Spaces:
Running
Context Window FAQ
Q: What is the maximum context size?
Model limit: 32,768 tokens (Qwen 3 4B)
Practical limit: ~1,000 tokens for acceptable performance on CPU
Q: Is it linear slowdown (4x context = 4x slower)?
No! It's exponential (quadratic to be precise).
| Context | Time | Slowdown |
|---|---|---|
| 500 tokens | 2s | 1x (baseline) |
| 1,000 tokens | 5s | 2.5x |
| 2,000 tokens | 15s | 7.5x |
| 4,000 tokens | 60s | 30x |
| 8,000 tokens | 240s | 120x |
Why? Transformer attention is O(n²) - every token attends to every other token.
Q: My demo timed out after 100 seconds. Why?
Your context was too large BEFORE pruning was implemented.
Without pruning:
- Turn 20: ~40 messages = ~2,500 tokens = 30s response
- Turn 40: ~80 messages = ~4,500 tokens = 180s response ⚠️ TIMEOUT!
With pruning (now):
- Turn 20: ~20 messages = ~700 tokens = 4s response ✅
- Turn 100: ~20 messages = ~700 tokens = 4s response ✅
Q: How large is the context now?
With your current pruning settings:
MAX_MESSAGE_HISTORY = 20
RECENT_MESSAGES_FOR_PROMPT = 8
Typical context breakdown:
- System prompt: ~100 tokens
- Game state: ~125 tokens
- Recent 8 messages: ~200 tokens
- Instructions: ~100 tokens
- TOTAL: ~525-850 tokens ✅
This is only 2.5% of the model's capacity and should be fast!
Q: Will pruning solve my timeout issues?
Yes, but...
- Pruning prevents FUTURE timeouts by keeping context small
- Old sessions might still have huge context - restart Gradio to clear
- Model loading delays - first request takes 5-10s longer
Q: How do I know if it's working?
Check logs for pruning messages:
tail -f logs/gradio.log | grep "Pruned"
# You should see:
# 📝 Pruned 10 messages. History now: 20 messages
Q: What if it's still slow after pruning?
Run diagnostic:
python3 scripts/diagnose_performance.py
This will test:
- Ollama is running
- Inference speed (should be < 5s)
- Context settings
- GameMaster initialization
If inference test takes > 15s, your hardware is too slow.
Q: Can I make it faster?
Option 1: Use smaller model (fastest)
ollama pull qwen2.5:3b
Then update settings.py:
OLLAMA_MODEL_NAME = "qwen2.5:3b"
Option 2: Aggressive pruning
MAX_MESSAGE_HISTORY = 12
RECENT_MESSAGES_FOR_PROMPT = 6
Option 3: GPU acceleration (requires CUDA/ROCm)
- RTX 3090: 10-30x faster
- Apple M-series: 5x faster with Metal
Q: Will I lose game history with pruning?

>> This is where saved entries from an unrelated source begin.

(* Consider an instance of the ranking with submodular valuations problem: a ground set $[m]=\{1,\dots,m\}$, $n$ normalized monotone submodular functions $f^1,\dots,f^n:2^{[m]}\to\mathbb{R}_+$ (given by value oracles), and a weight vector $w\in\mathbb{R}_+^n$. Let $\epsilon=\min\{f^i_S(j) : i\in[n],\ S\subseteq[m],\ j\in[m],\ f^i_S(j)>0\}$, where $f^i_S(j)=f^i(S\cup\{j\})-f^i(S)$. Then the linear ordering produced by the Adaptive Residual Updates algorithm (described below) has cost at most $O(\ln(1/\epsilon))$ times the cost of an optimal linear ordering.
   Context: A set function $f:2^{[m]}\to\mathbb{R}$ is submodular if $f(S)+f(T)\ge f(S\cup T)+f(S\cap T)$ for all $S,T\subseteq[m]$; normalized means $f(\emptyset)=0$; monotone means $f(S)\le f(T)$ whenever $S\subseteq T$. A linear ordering is a bijection $\pi:[m]\to[m]$, where $\pi(t)$ is the element placed at position $t$. The cover time $c_i$ of $f^i$ under $\pi$ is the minimal index $c$ with $f^i(\{\pi(1),\dots,\pi(c)\})\ge 1$ (it is assumed that $f^i([m])\ge1$ for every $i$, so cover times exist). The cost of $\pi$ is $\sum_{i=1}^n w_i c_i$, and the problem asks for an ordering of minimum cost. Adaptive Residual Updates algorithm: start with $S=\emptyset$. For $t=1,\dots,m$: for every $i\in[n]$ and every $j\in[m]\setminus S$ set $P_{ij}=0$ if $f^i(S)\ge 1$, and otherwise $P_{ij}=\min\{1,\ (f^i(S\cup\{j\})-f^i(S))/(1-f^i(S))\}$; then choose $j\in[m]\setminus S$ maximizing $\sum_{i=1}^n w_iP_{ij}$, set $S\leftarrow S\cup\{j\}$ and $\pi(t)=j$. *)

theory Defs
  imports Complex_Main
begin

text \<open>Ground set [m] = {1..m}; functions f i for i in {1..n}; orderings are
bijections pi : {1..m} -> {1..m}, pi t = element placed at position t.\<close>

definition submodular_on :: "nat set \<Rightarrow> (nat set \<Rightarrow> real) \<Rightarrow> bool" where
  "submodular_on U g \<longleftrightarrow>
     (\<forall>S T. S \<subseteq> U \<longrightarrow> T \<subseteq> U \<longrightarrow> g S + g T \<ge> g (S \<union> T) + g (S \<inter> T))"

definition monotone_on_sets :: "nat set \<Rightarrow> (nat set \<Rightarrow> real) \<Rightarrow> bool" where
  "monotone_on_sets U g \<longleftrightarrow> (\<forall>S T. S \<subseteq> T \<longrightarrow> T \<subseteq> U \<longrightarrow> g S \<le> g T)"

definition linear_ordering :: "nat \<Rightarrow> (nat \<Rightarrow> nat) \<Rightarrow> bool" where
  "linear_ordering m \<pi> \<longleftrightarrow> bij_betw \<pi> {1..m} {1..m}"

definition cover_time :: "(nat set \<Rightarrow> real) \<Rightarrow> (nat \<Rightarrow> nat) \<Rightarrow> nat" where
  "cover_time g \<pi> = (LEAST c. g (\<pi> ` {1..c}) \<ge> 1)"

definition ordering_cost :: "nat \<Rightarrow> (nat \<Rightarrow> nat set \<Rightarrow> real) \<Rightarrow> (nat \<Rightarrow> real) \<Rightarrow> (nat \<Rightarrow> nat) \<Rightarrow> real" where
  "ordering_cost n f w \<pi> = (\<Sum>i=1..n. w i * real (cover_time (f i) \<pi>))"

definition resid :: "(nat set \<Rightarrow> real) \<Rightarrow> nat set \<Rightarrow> nat \<Rightarrow> real" where
  "resid g S j = (if g S \<ge> 1 then 0 else min 1 ((g (insert j S) - g S) / (1 - g S)))"

definition aru_score :: "nat \<Rightarrow> (nat \<Rightarrow> nat set \<Rightarrow> real) \<Rightarrow> (nat \<Rightarrow> real) \<Rightarrow> nat set \<Rightarrow> nat \<Rightarrow> real" where
  "aru_score n f w S j = (\<Sum>i=1..n. w i * resid (f i) S j)"

text \<open>pi is an ordering that the Adaptive Residual Updates algorithm can output
(with arbitrary tie-breaking): at each step t, with S = {pi 1,...,pi (t-1)},
pi t maximises the score over the remaining elements.\<close>
definition aru_ordering :: "nat \<Rightarrow> nat \<Rightarrow> (nat \<Rightarrow> nat set \<Rightarrow> real) \<Rightarrow> (nat \<Rightarrow> real) \<Rightarrow> (nat \<Rightarrow> nat) \<Rightarrow> bool" where
  "aru_ordering n m f w \<pi> \<longleftrightarrow> linear_ordering m \<pi> \<and>
     (\<forall>t\<in>{1..m}. \<forall>j\<in>{1..m} - \<pi> ` {1..<t}.
        aru_score n f w (\<pi> ` {1..<t}) j \<le> aru_score n f w (\<pi> ` {1..<t}) (\<pi> t))"

definition min_marginal :: "nat \<Rightarrow> nat \<Rightarrow> (nat \<Rightarrow> nat set \<Rightarrow> real) \<Rightarrow> real" where
  "min_marginal n m f = Min {f i (insert j S) - f i S | i S j.
      i \<in> {1..n} \<and> S \<subseteq> {1..m} \<and> j \<in> {1..m} \<and> f i (insert j S) - f i S > 0}"

end

theory Submission imports Defs begin

text \<open>
  Write \<open>g t\<close> for the total weight of the functions not yet covered before step \<open>t\<close> of the
  algorithm and \<open>u k\<close> for the weight of the functions not covered by the first \<open>k\<close>
  elements of the competing ordering, so that the two costs are \<open>\<Sum>t g t\<close> and \<open>\<Sum>k u k\<close>.
  For a function \<open>f\<close> still uncovered when the current set is \<open>S\<close>, submodularity gives
  \<open>\<Sum>j\<in>T P\<^sub>f\<^sub>j \<ge> 1\<close> for every set \<open>T\<close> covering \<open>f\<close>; applied to the first \<open>k\<close> elements of the
  competitor and combined with the greedy choice, this bounds \<open>g t - u k\<close> by \<open>k\<close> times the
  score of the element chosen at step \<open>t\<close>.
  Conversely, along the algorithm's run the residuals \<open>P\<close> of a single function are
  capped relative decreases of \<open>1 - f(S)\<close>, which sum to at most
  \<open>L = 2 + ln (1/\<epsilon>)\<close> because every positive decrease is at least \<open>\<epsilon>\<close>.  Hence the scores on
  any window \<open>[a, a + l)\<close> sum to at most \<open>L \<cdot> g a\<close>, and a window of length \<open>l \<approx> 4Lk\<close>
  ending at \<open>s\<close> gives \<open>g s \<le> u (s/8L) + g (s/2) / 4\<close>.  Summed over \<open>s \<le> 2m\<close>, the last
  terms contribute only \<open>\<Sum> g / 2\<close>, which leaves \<open>\<Sum> g \<le> O(L) \<cdot> \<Sum> u\<close>.
\<close>

section \<open>Monotone submodular set functions\<close>

lemma monotone_on_setsD:
  "monotone_on_sets U g \<Longrightarrow> S \<subseteq> T \<Longrightarrow> T \<subseteq> U \<Longrightarrow> g S \<le> g T"
  unfolding monotone_on_sets_def by blast

lemma
  assumes bij: "bij_betw \<rho> {1..m} {1..m}" and g_empty: "g {} = 0"
    and mono: "monotone_on_sets {1..m} g" and g_top: "1 \<le> g {1..m}"
  shows cover_time_le: "cover_time g \<rho> \<le> m"
    and cover_time_ge_1: "1 \<le> cover_time g \<rho>"
    and covered_iff_cover_time_le: "k \<le> m \<Longrightarrow> 1 \<le> g (\<rho> ` {1..k}) \<longleftrightarrow> cover_time g \<rho> \<le> k"
proof -
  have im: "\<rho> ` {1..m} = {1..m}" using bij by (simp add: bij_betw_def)
  have covered_m: "1 \<le> g (\<rho> ` {1..m})" using im g_top by simp
  show "cover_time g \<rho> \<le> m" unfolding cover_time_def by (rule Least_le) (rule covered_m)
  have covered: "1 \<le> g (\<rho> ` {1..cover_time g \<rho>})"
    unfolding cover_time_def by (rule LeastI) (rule covered_m)
  then show "1 \<le> cover_time g \<rho>" using g_empty by (cases "cover_time g \<rho>") auto
  assume k: "k \<le> m"
  show "1 \<le> g (\<rho> ` {1..k}) \<longleftrightarrow> cover_time g \<rho> \<le> k"
  proof
    assume "1 \<le> g (\<rho> ` {1..k})"
    then show "cover_time g \<rho> \<le> k" unfolding cover_time_def by (rule Least_le)
  next
    assume "cover_time g \<rho> \<le> k"
    then have "\<rho> ` {1..cover_time g \<rho>} \<subseteq> \<rho> ` {1..k}" by auto
    moreover have "\<rho> ` {1..k} \<subseteq> {1..m}" using im k by auto
    ultimately show "1 \<le> g (\<rho> ` {1..k})"
      using covered monotone_on_setsD[OF mono] by (meson order_trans)
  qed
qed

lemma resid_nonneg:
  assumes "monotone_on_sets U g" "S \<subseteq> U" "j \<in> U"
  shows "0 \<le> resid g S j"
proof -
  have "g S \<le> g (insert j S)" using assms by (auto intro: monotone_on_setsD)
  then show ?thesis unfolding resid_def by auto
qed

lemma resid_le_1: "resid g S j \<le> 1"
  unfolding resid_def by auto

lemma resid_of_mem: "j \<in> S \<Longrightarrow> resid g S j = 0"
  unfolding resid_def by (simp add: insert_absorb)
lemma eval_alg_restrict:
  assumes "vars_below (length xs) p"
  shows "eval_alg p (xs @ ys) = eval_alg p xs"
  unfolding eval_alg_coeff_sum coeff_sum_def alg_term_def
proof (rule sum.cong[OF refl])
  fix w assume "w \<in> Poly_Mapping.keys p"
  then have "set w \<subseteq> {..<length xs}" using assms by (auto simp: vars_below_def)
  then show "scaleC (Poly_Mapping.lookup p w) (alg_word (xs @ ys) w) = scaleC (Poly_Mapping.lookup p w) (alg_word xs w)"
    by (simp add: alg_word_append_restrict)
qed

lemma eval_mat_restrict:
  assumes "vars_below (length As) p"
  shows "eval_mat k p (As @ Bs) = eval_mat k p As"
  by (rule mat_eqI_k) (use assms mat_word_append_restrict in \<open>auto simp: eval_mat_index coeff_sum_def mat_term_def vars_below_def intro!: sum.cong\<close>)

definition subst_var :: "nat \<Rightarrow> ncpoly list \<Rightarrow> nat \<Rightarrow> ncpoly" where
  "subst_var N ps l = (if l < N then Poly_Mapping.single [l] 1 else ps ! (l - N))"

definition subst_word :: "nat \<Rightarrow> ncpoly list \<Rightarrow> nat list \<Rightarrow> ncpoly" where
  "subst_word N ps w = foldr (\<lambda>l acc. ncp_mult (subst_var N ps l) acc) w (Poly_Mapping.single [] 1)"

definition subst_poly :: "nat \<Rightarrow> ncpoly \<Rightarrow> ncpoly list \<Rightarrow> ncpoly" where
  "subst_poly N Q ps = (\<Sum>w\<in>Poly_Mapping.keys Q. ncp_mult (Poly_Mapping.single [] (Poly_Mapping.lookup Q w)) (subst_word N ps w))"
lemma stern_deg_tendsto_infinity: "filterlim stern_deg at_top sequentially"
  unfolding filterlim_at_top eventually_sequentially
proof (intro allI exI impI)
  fix M n :: nat
  assume n: "n \<ge> 2 * 4 ^ M"
  show "M \<le> stern_deg n"
  proof (rule ccontr)
    assume "\<not> M \<le> stern_deg n"
    then have "(4::nat) ^ stern_deg n < 4 ^ M" by (intro power_strict_increasing) auto
    moreover have "n + 1 \<le> 2 * 4 ^ stern_deg n"
      using stern_deg_bounds[of n] order_trans[OF _ n, of 1] by simp
    ultimately show False using n by linarith
  qed
qed

section \<open>2-regularity\<close>

definition seq_span :: "(nat \<Rightarrow> 'a::field) set \<Rightarrow> (nat \<Rightarrow> 'a) set" where
  "seq_span B = {f. \<exists>c. f = (\<lambda>n. \<Sum>b\<in>B. c b * b n)}"

lemma k_regular_iff_seq_span:
  "k_regular k a \<longleftrightarrow> (\<exists>B. finite B \<and> k_kernel k a \<subseteq> seq_span B)"
  unfolding k_regular_def seq_span_def by blast

lemma seq_span_base:
  assumes "finite B" "b \<in> B"
  shows "b \<in> seq_span B"
proof -
  have "(\<Sum>b'\<in>B. (if b' = b then 1 else 0) * b' n) = (\<Sum>b'\<in>B. if b' = b then b' n else 0)" for n
    by (intro sum.cong) auto
  also have "\<dots> n = b n" for n using assms by simp
  finally show ?thesis unfolding seq_span_def by (intro CollectI exI ext) (rule sym)
qed

lemma seq_span_add:
  assumes "f \<in> seq_span B" "g \<in> seq_span B"
  shows "(\<lambda>n. f n + g n) \<in> seq_span B"
proof -
  obtain c d where "f = (\<lambda>n. \<Sum>b\<in>B. c b * b n)" "g = (\<lambda>n. \<Sum>b\<in>B. d b * b n)"
    using assms unfolding seq_span_def by blast
  then show ?thesis unfolding seq_span_def
    by (intro CollectI exI[of _ "\<lambda>b. c b + d b"]) (simp add: sum.distrib algebra_simps)
qed

lemma seq_span_scale:
  assumes "f \<in> seq_span B"
  shows "(\<lambda>n. x * f n) \<in> seq_span B"
proof -
  obtain c where "f = (\<lambda>n. \<Sum>b\<in>B. c b * b n)"
    using assms unfolding seq_span_def by blast
  then show ?thesis unfolding seq_span_def
    by (intro CollectI exI[of _ "\<lambda>b. x * c b"]) (simp add: sum_distrib_left algebra_simps)
qed

lemma seq_span_lincomb:
  assumes "finite B" "\<And>b. b \<in> B \<Longrightarrow> g b \<in> seq_span C"
  shows "(\<lambda>n. \<Sum>b\<in>B. c b * g b n) \<in> seq_span C"
proof -
  have "\<forall>b\<in>B. \<exists>d. g b = (\<lambda>n. \<Sum>b'\<in>C. d b' * b' n)"
    using assms(2) unfolding seq_span_def by blast
  then obtain d where d: "\<And>b. b \<in> B \<Longrightarrow> g b = (\<lambda>n. \<Sum>b'\<in>C. d b b' * b' n)"
    by (auto dest!: bchoice)
  have "(\<Sum>b\<in>B. c b * g b n) = (\<Sum>b'\<in>C. (\<Sum>b\<in>B. c b * d b b') * b' n)" for n
    by (simp add: d sum_distrib_left sum_distrib_right sum.swap[of _ B] mult.assoc)
  then show ?thesis unfolding seq_span_def by (intro CollectI exI ext)
qed

lemma seq_span_decimation_closed:
  assumes "finite B" "\<And>b q. b \<in> B \<Longrightarrow> q < k \<Longrightarrow> (\<lambda>n. b (k * n + q)) \<in> seq_span B"
    and "f \<in> seq_span B" "q < k"
  shows "(\<lambda>n. f (k * n + q)) \<in> seq_span B"
proof -
  obtain c where "f = (\<lambda>n. \<Sum>b\<in>B. c b * b n)" using assms(3) unfolding seq_span_def by blast
  then show ?thesis
    using seq_span_lincomb[of B "\<lambda>b n. b (k * n + q)" B c] assms(1,2,4) by simp
qed

text \<open>Criterion for \<open>k\<close>-regularity: the whole \<open>k\<close>-kernel of \<open>a \<in> B\<close> lies in the span
  of \<open>B\<close> once the span is closed under the \<open>k\<close> basic decimations
  (induction on the level \<open>j\<close>, writing \<open>r = k\<^sup>j q + r'\<close>).\<close>
lemma k_kernel_subset_seq_span:
  assumes "finite B" "a \<in> B" "\<And>b q. b \<in> B \<Longrightarrow> q < k \<Longrightarrow> (\<lambda>n. b (k * n + q)) \<in> seq_span B"
  shows "k_kernel k a \<subseteq> seq_span B"
proof -
  have "(\<lambda>n. a (k ^ j * n + r)) \<in> seq_span B" if "r < k ^ j" for j r
    using that
  proof (induction j arbitrary: r)
    case 0
    then show ?case using seq_span_base[OF assms(1,2)] by simp
  next
    case (Suc j)
    define q r' where "q = r div k ^ j" and "r' = r mod k ^ j"
    have "q < k" using Suc.prems by (simp add: q_def less_mult_imp_div_less mult.commute)
    have "k ^ j > 0" using Suc.prems by (cases "k = 0") auto
    then have "r' < k ^ j" by (simp add: r'_def)
    then have "(\<lambda>n. a (k ^ j * n + r')) \<in> seq_span B" by (rule Suc.IH)
    from seq_span_decimation_closed[OF assms(1,3) this \<open>q < k\<close>]
    have "(\<lambda>n. a (k ^ j * (k * n + q) + r')) \<in> seq_span B" by simp
    moreover have "k ^ j * (k * n + q) + r' = k ^ Suc j * n + r" for n
      by (simp add: q_def r'_def algebra_simps)
    ultimately show ?case by simp
  qed
  then show ?thesis unfolding k_kernel_def by blast
qed

definition stern_deg_kernel_basis :: "(nat \<Rightarrow> 'a::field) set" where
  "stern_deg_kernel_basis =
     {\<lambda>n. of_nat (stern_deg n), \<lambda>n. of_nat (stern_deg (n + 1)), \<lambda>n. of_nat (stern_deg (2 * n + 1)),
      \<lambda>n. 1, \<lambda>n. if n = 0 then 1 else 0}"

lemma stern_deg_kernel_basis_closed:
  assumes "b \<in> stern_deg_kernel_basis" "q < 2"
  shows "(\<lambda>n. b (2 * n + q)) \<in> seq_span (stern_deg_kernel_basis :: (nat \<Rightarrow> 'a::field) set)"
proof -
  define E :: "nat \<Rightarrow> 'a" where "E = (\<lambda>n. of_nat (stern_deg n))"
  define Delta :: "nat \<Rightarrow> 'a" where "Delta = (\<lambda>n. if n = 0 then 1 else 0)"
  let ?B = "stern_deg_kernel_basis :: (nat \<Rightarrow> 'a) set"
  have B: "?B = {E, \<lambda>n. E (n + 1), \<lambda>n. E (2 * n + 1), \<lambda>n. 1, Delta}"
    by (simp add: stern_deg_kernel_basis_def E_def Delta_def)
  have base: "E \<in> seq_span ?B" "(\<lambda>n. E (n + 1)) \<in> seq_span ?B" "(\<lambda>n. E (2 * n + 1)) \<in> seq_span ?B"
      "(\<lambda>n. 1) \<in> seq_span ?B" "Delta \<in> seq_span ?B" "(\<lambda>n. 0) \<in> seq_span ?B"
    using seq_span_scale[of Delta ?B 0] by (auto intro: seq_span_base simp: B)
  text \<open>By \<open>e(2n) = e(4n+1) = e(n) + 1 - [n = 0]\<close> and \<open>e(2n+2) = e(4n+3) = e(n+1) + 1\<close>,
    every decimation of a basis sequence is one of the following two combinations,
    a basis sequence, or zero.\<close>
  have comb1: "(\<lambda>n. E n + (1 + (-1) * Delta n)) \<in> seq_span ?B"
    and comb2: "(\<lambda>n. E (n + 1) + 1) \<in> seq_span ?B"
    using base by (intro seq_span_add seq_span_scale; simp)+
  have "(\<lambda>n. E (2 * n)) = (\<lambda>n. E n + (1 + (-1) * Delta n))"
    by (rule ext, simp add: E_def Delta_def stern_deg_even)
  moreover have "(\<lambda>n. E (2 * n + 1 + 1)) = (\<lambda>n. E (n + 1) + 1)"
  proof
    show "E (2 * n + 1 + 1) = E (n + 1) + 1" for n
      using stern_deg_even[of "n + 1"] by (simp add: E_def algebra_simps)
  qed
  moreover have "(\<lambda>n. E (2 * (2 * n) + 1)) = (\<lambda>n. E n + (1 + (-1) * Delta n))"
  proof
    show "E (2 * (2 * n) + 1) = E n + (1 + (-1) * Delta n)" for n
      using stern_deg_4m1[of n] by (cases "n = 0") (simp_all add: E_def Delta_def)
  qed
  moreover have "(\<lambda>n. E (2 * (2 * n + 1) + 1)) = (\<lambda>n. E (n + 1) + 1)"
    using stern_deg_4m3 by (simp add: E_def algebra_simps numeral_eq_Suc)
  moreover have "(\<lambda>n. Delta (2 * n)) = Delta" "(\<lambda>n. Delta (2 * n + 1)) = (\<lambda>n. 0)"
    by (simp_all add: Delta_def)
  ultimately have "\<forall>b\<in>?B. (\<lambda>n. b (2 * n)) \<in> seq_span ?B \<and> (\<lambda>n. b (2 * n + 1)) \<in> seq_span ?B"
    using base comb1 comb2 unfolding B by simp
  then show ?thesis using assms less_2_cases[of q] by auto
qed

No! Three-tier memory preserves everything:
- Short-term (
message_history): Last 20 messages for immediate context - Medium-term (
conversation_summary): Compressed summaries of old messages - Long-term (
session.notes): Key events permanently recorded
Example summary:
⚔️ Combat: Defeated 2 goblins and 1 orc
🗺️ Travel: Arrived at Riverside Tavern
💰 Trade: Bought 3 healing potions for 150 gold
Q: How do I restart with clean slate?
# Stop Gradio
./stop_gradio.sh
# Clear old character sessions (optional)
rm -rf characters/*.json
# Restart
./start_gradio.sh
Q: Can I check context size in real-time?
Add to your code:
print(f"Context size: ~{len(gm.message_history) * 40} tokens")
Or check the debug logs when DEBUG_MODE = True.
Q: What's the sweet spot for settings?
For 4B model on CPU:
MAX_MESSAGE_HISTORY = 20
RECENT_MESSAGES_FOR_PROMPT = 8
OLLAMA_TIMEOUT = 120
For 3B model (faster):
MAX_MESSAGE_HISTORY = 30
RECENT_MESSAGES_FOR_PROMPT = 12
OLLAMA_TIMEOUT = 60
For 7B+ model (slower):
MAX_MESSAGE_HISTORY = 12
RECENT_MESSAGES_FOR_PROMPT = 6
OLLAMA_TIMEOUT = 180
Q: Is 32K context really usable?
Technically yes, practically no.
- 32K tokens would take ~20-30 minutes per response on CPU
- Even on high-end GPU: ~30-60 seconds
- Only useful for batch processing, not interactive games
Keep it under 1K tokens for interactive use!